Below are the records; give again exactly the lines that run from the one with "P = (THE f." through the last line.

————

definition bottom :: "('a \<Rightarrow> 'a \<Rightarrow> bool) \<Rightarrow> 'a set \<Rightarrow> 'a" where
  "bottom le P = (THE z. z \<in> P \<and> (\<forall>x\<in>P. le z x))"

definition covers :: "('a \<Rightarrow> 'a \<Rightarrow> bool) \<Rightarrow> 'a set \<Rightarrow> 'a \<Rightarrow> 'a \<Rightarrow> bool" where
  "covers le P x y \<longleftrightarrow> x \<in> P \<and> y \<in> P \<and> le x y \<and> x \<noteq> y \<and>
     \<not> (\<exists>z\<in>P. le x z \<and> le z y \<and> z \<noteq> x \<and> z \<noteq> y)"

definition is_rank_fun :: "('a \<Rightarrow> 'a \<Rightarrow> bool) \<Rightarrow> 'a set \<Rightarrow> ('a \<Rightarrow> nat) \<Rightarrow> bool" where
  "is_rank_fun le P rk \<longleftrightarrow> rk (bottom le P) = 0 \<and>
     (\<forall>x\<in>P. \<forall>y\<in>P. covers le P x y \<longrightarrow> rk y = Suc (rk x))"

definition ranked :: "('a \<Rightarrow> 'a \<Rightarrow> bool) \<Rightarrow> 'a set \<Rightarrow> bool" where
  "ranked le P \<longleftrightarrow> (\<exists>rk. is_rank_fun le P rk)"

definition rank :: "('a \<Rightarrow> 'a \<Rightarrow> bool) \<Rightarrow> 'a set \<Rightarrow> 'a \<Rightarrow> nat" where
  "rank le P = (SOME rk. is_rank_fun le P rk)"

definition poset_rank :: "('a \<Rightarrow> 'a \<Rightarrow> bool) \<Rightarrow> 'a set \<Rightarrow> nat" where
  "poset_rank le P = Max (rank le P ` P)"

text \<open>Moebius function x \<mapsto> mu(0,x), determined by
  sum_{0 <= y <= x} mu(0,y) = delta(0,x).\<close>
definition mobius :: "('a \<Rightarrow> 'a \<Rightarrow> bool) \<Rightarrow> 'a set \<Rightarrow> 'a \<Rightarrow> int" where
  "mobius le P = (THE f.
     (\<forall>x\<in>P. (\<Sum>y\<in>{y\<in>P. le y x}. f y) = (if x = bottom le P then 1 else 0)) \<and>
     (\<forall>x. x \<notin> P \<longrightarrow> f x = 0))"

————

_Answer to this problem_:
  "mobius le P = (THE f.
     (\<forall>x\<in>P. (\<Sum>y\<in>{y\<in>P. le y x}. f y) = (if x = bottom le P then 1 else 0)) \<and>
     (\<forall>x. x \<notin> P \<longrightarrow> f x = 0))"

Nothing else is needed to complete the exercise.